A software engineer's circuitous journey to calculate eigenvalues

Or, how to calculate the eigenvalues and eigenvectors of a complex matrix using a routine that only works on real matrices.

By Robert Smith


Contents


If we have a complex matrix, how do we calculate its eigenvalues and eigenvectors using a procedure that can only work on real matrices? This recounts my journey on solving that problem and where it came from in the first place.

TL;DR: If you came here just looking for an algorithm, scroll to the bottom for a pseudocode listing.

Why?

MAGICL is a Common Lisp library for doing matrix arithmetic. To make a long story short, there’s a desire to reduce MAGICL’s dependence on foreign libraries (e.g., LAPACK), and instead use pure Common Lisp routines. Except, implementing numerical linear algebra is difficult, and the MAGICL maintainers usually have more important things to work on. So, instead of writing routines from scratch via textbooks, we sometimes resort to mechanically translating an old distribution of LAPACK, written in FORTRAN 77, into Common Lisp. Due to the age of the routines, I personally think it’s prudent to minimize its usage.

One routine that’s generally reliable—as both FORTRAN 77 code as well as its mechanically translated Common Lisp counterpart—is DGEEV, a LAPACK routine to compute eigenvalues and eigenvectors of a general real-matrix of double-precision floats. (We’ll call a set of eigenvectors and the corresponding eigenvalues the eigensystem.) This routine is made nice in MAGICL and exposed as the Lisp function MAGICL:EIG.

The MAGICL:EIG function, however, is required to be able to work with both real and complex matrices, yet DGEEV only works with reals. So, we are left with two reasonable options:

Because I like puzzles, and because I’m loathe to add to the existing virtually unmaintainable pile of 50,000 lines of mechanically translated code, I opted for the latter option.
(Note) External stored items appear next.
(* Let $T$ be a finite rooted tree in which every inner node has at least two children, with node set $V$ and leaf set $L$. If $X\subseteq V\setminus L$ is thin, then there exists a pair $(\pi,\sigma)$ of injective maps from $X$ to $L$ that has unique request and identifies $X$.
   Context: A set $X\subseteq V\setminus L$ of inner nodes is thin if for every $x\in X$ other than the root, the parent of $x$ does not belong to $X$, and $x$ has at least one sibling (possibly a leaf) that does not belong to $X$. A pair $(\pi,\sigma)$ of injective maps from $X$ to $L$ identifies $X$ if for each $s\in X$, $s$ is the least common ancestor of $\pi(s)$ and $\sigma(s)$ (every node is its own ancestor). For $s\in X$, a node $y$ is $s$-requested in $(\pi,\sigma)$ if $y$ lies on the path of $T$ from $\pi(s)$ to $\sigma(s)$; the pair has unique request if every node is $s$-requested for at most one $s\in X$. *)

theory Defs
  imports Main
begin

text \<open>Every node reaches the root by
iterating par, which (together with par r = r) rules out cycles.\<close>

definition anc :: "('a \<Rightarrow> 'a) \<Rightarrow> 'a \<Rightarrow> 'a \<Rightarrow> bool" where
  "anc par u v \<longleftrightarrow> (\<exists>n. (par ^^ n) v = u)"

definition children :: "'a set \<Rightarrow> 'a \<Rightarrow> ('a \<Rightarrow> 'a) \<Rightarrow> 'a \<Rightarrow> 'a set" where
  "children V r par v = {u \<in> V. u \<noteq> r \<and> par u = v}"

definition leaves :: "'a set \<Rightarrow> 'a \<Rightarrow> ('a \<Rightarrow> 'a) \<Rightarrow> 'a set" where
  "leaves V r par = {v \<in> V. children V r par v = {}}"

definition rooted_tree :: "'a set \<Rightarrow> 'a \<Rightarrow> ('a \<Rightarrow> 'a) \<Rightarrow> bool" where
  "rooted_tree V r par \<longleftrightarrow> finite V \<and> r \<in> V \<and> par r = r \<and>
     (\<forall>v\<in>V. par v \<in> V) \<and> (\<forall>v\<in>V. anc par r v)"

definition full_tree :: "'a set \<Rightarrow> 'a \<Rightarrow> ('a \<Rightarrow> 'a) \<Rightarrow> bool" where
  "full_tree V r par \<longleftrightarrow> rooted_tree V r par \<and>
     (\<forall>v \<in> V - leaves V r par. card (children V r par v) \<ge> 2)"

definition thin :: "'a set \<Rightarrow> 'a \<Rightarrow> ('a \<Rightarrow> 'a) \<Rightarrow> 'a set \<Rightarrow> bool" where
  "thin V r par X \<longleftrightarrow> X \<subseteq> V - leaves V r par \<and>
     (\<forall>x\<in>X. x \<noteq> r \<longrightarrow> par x \<notin> X \<and>
        (\<exists>y \<in> children V r par (par x). y \<noteq> x \<and> y \<notin> X))"

definition is_lca :: "('a \<Rightarrow> 'a) \<Rightarrow> 'a \<Rightarrow> 'a \<Rightarrow> 'a \<Rightarrow> bool" where
  "is_lca par s a b \<longleftrightarrow> anc par s a \<and> anc par s b \<and>
     (\<forall>c. anc par c a \<and> anc par c b \<longrightarrow> anc par c s)"

text \<open>y lies on the tree path from a to b: y is an ancestor of a or of b and a
descendant of every common ancestor of a and b (i.e. of their lca).\<close>
definition on_path :: "('a \<Rightarrow> 'a) \<Rightarrow> 'a \<Rightarrow> 'a \<Rightarrow> 'a \<Rightarrow> bool" where
  "on_path par a b y \<longleftrightarrow> (anc par y a \<or> anc par y b) \<and>
     (\<forall>c. anc par c a \<and> anc par c b \<longrightarrow> anc par c y)"
(* Let $t_{\mathrm m},t_{\mathrm b}\ge 1$, $t_{\mathrm{msg}}\ge 0$ and $t_{\mathrm{cut}}$ be integers with $t_{\mathrm{cut}}>\max\{t_{\mathrm m},t_{\mathrm b},t_{\mathrm{msg}}\}$, and let $p_{\mathrm m},p_{\mathrm b}\in(0,1)$. Let $M_1,M_2,M_b$ be independent random variables with $\mathbb P(M_1=j)=\mathbb P(M_2=j)=p_{\mathrm m}(1-p_{\mathrm m})^{j-1}$ and $\mathbb P(M_b=j)=p_{\mathrm b}(1-p_{\mathrm b})^{j-1}$ for $j\in\{1,2,\dots\}$, and put $X_1=t_{\mathrm m}M_1$, $X_2=t_{\mathrm m}M_2$, $X_b=t_{\mathrm b}M_b$, $X_{\max}=\max\{X_1,X_2,X_b\}$, $X_{\min}=\min\{X_1,X_2,X_b\}$. Let $Y=1$ if $X_{\max}-X_{\min}<t_{\mathrm{cut}}$ and $Y=0$ otherwise, let $p=\mathbb P(Y=1)$, and let $$Z=\begin{cases}X_{\max}+t_{\mathrm{msg}}, & Y=1,\\ X_{\min}+t_{\mathrm{cut}}, & Y=0.\end{cases}$$ Let $(Y^{(i)},Z^{(i)})_{i\ge1}$ be i.i.d. copies of $(Y,Z)$, let $N=\min\{i\ge1: Y^{(i)}=1\}$ and $X_{\mathrm{e2e}}=\sum_{i=1}^{N}Z^{(i)}$. For $i,j\in\{1,2,b\}$ define the events $A_i^+=\{X_{\max}=X_i,\ X_{\max}-X_{\min}<t_{\mathrm{cut}}\}$, $A_i^-=\{X_{\max}=X_i,\ X_{\max}-X_{\min}\ge t_{\mathrm{cut}}\}$, $A_{ij}^-=\{X_{\max}=X_i,\ X_{\min}=X_j,\ X_{\max}-X_{\min}\ge t_{\mathrm{cut}}\}$, and write juxtaposition of events for their intersection (e.g. $A_1^+A_2^+=A_1^+\cap A_2^+$, $A_{12}^-A_{1b}^-=A_{12}^-\cap A_{1b}^-$). Then $$\mathbb E(X_{\mathrm{e2e}})=\frac{\mathbb E(Z\mathbf 1_{Y=0})+\mathbb E(Z\mathbf 1_{Y=1})}{p},$$ where $$\mathbb E(Z\mathbf 1_{Y=1})=2\mathbb E(Z\mathbf 1_{A_1^+})+\mathbb E(Z\mathbf 1_{A_b^+})-\mathbb E(Z\mathbf 1_{A_1^+A_2^+})-2\mathbb E(Z\mathbf 1_{A_1^+A_b^+})+\mathbb E(Z\mathbf 1_{A_1^+A_2^+A_b^+}),$$ $$\mathbb E(Z\mathbf 1_{Y=0})=2\big(\mathbb E(Z\mathbf 1_{A_{12}^-})+\mathbb E(Z\mathbf 1_{A_{1b}^-})+\mathbb E(Z\mathbf 1_{A_{b1}^-})\big)-2\mathbb E(Z\mathbf 1_{A_{12}^-A_{1b}^-})-\mathbb E(Z\mathbf 1_{A_{b1}^-A_{b2}^-})-\mathbb E(Z\mathbf 1_{A_1^-A_2^-})-2\mathbb E(Z\mathbf 1_{A_1^-A_b^-}).$$
   Context: This models end-to-end entanglement generation in a chain of three elementary links (two identical metropolitan links 1, 2 and a backbone link b) with a global cut-off: in each round, $X_1,X_2,X_b$ are the times at which the three elementary links are first generated; the round succeeds ($Y=1$) iff all three are generated within a window shorter than $t_{\mathrm{cut}}$; a successful round lasts $X_{\max}+t_{\mathrm{msg}}$ and a failed round lasts $X_{\min}+t_{\mathrm{cut}}$; rounds are repeated independently until the first success, and $X_{\mathrm{e2e}}$ is the total time until a successful end-to-end link. *)

theory Defs
  imports "HOL-Probability.Probability"
begin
Complex numbers as matrices

Complex numbers look like pairs of real numbers that have funny rules for addition and multiplication. More precisely, complex numbers form a two-dimensional real vector space, and multiplication is in fact an $\mathbb{R}$-linear map. As such, if we specify a basis, we can write a matrix. Consider the $\mathbb{R}$-basis $\hat e_0:=1$ and $\hat e_1:=i$ as well as the multiplication map $z\mapsto (a+bi)z$. Applying this map to our basis gives

$$ \begin{align*} (a+bi)\hat e_0 &= (a+bi)\cdot 1 & (a+bi)\hat e_1 &= (a+bi)\cdot i \\ &= a+bi & &= -b+ai \\ &= a\hat e_0+b\hat e_1 & &= -b\hat e_0 + a\hat e_1 \end{align*} $$

We thus immediately conclude

$$ \begin{pmatrix} \hat e_0 & \hat e_1 \end{pmatrix} (a+bi) = \begin{pmatrix} a & b \\ -b & a \end{pmatrix} \begin{pmatrix} \hat e_0 \\ \hat e_1 \end{pmatrix}. $$

This is to say that the multiplication map $z\mapsto (a+bi)z$ can be represented by the matrix

$$ \begin{pmatrix} a & b \\ -b & a \end{pmatrix}. $$

(This representation is not unique. We could also exchange the $b$ and $-b$ for a different representation, as many texts do. This is because complex conjugation—which this exchange of off-diagonal elements represents—is an isomorphism on $\mathbb{C}$.)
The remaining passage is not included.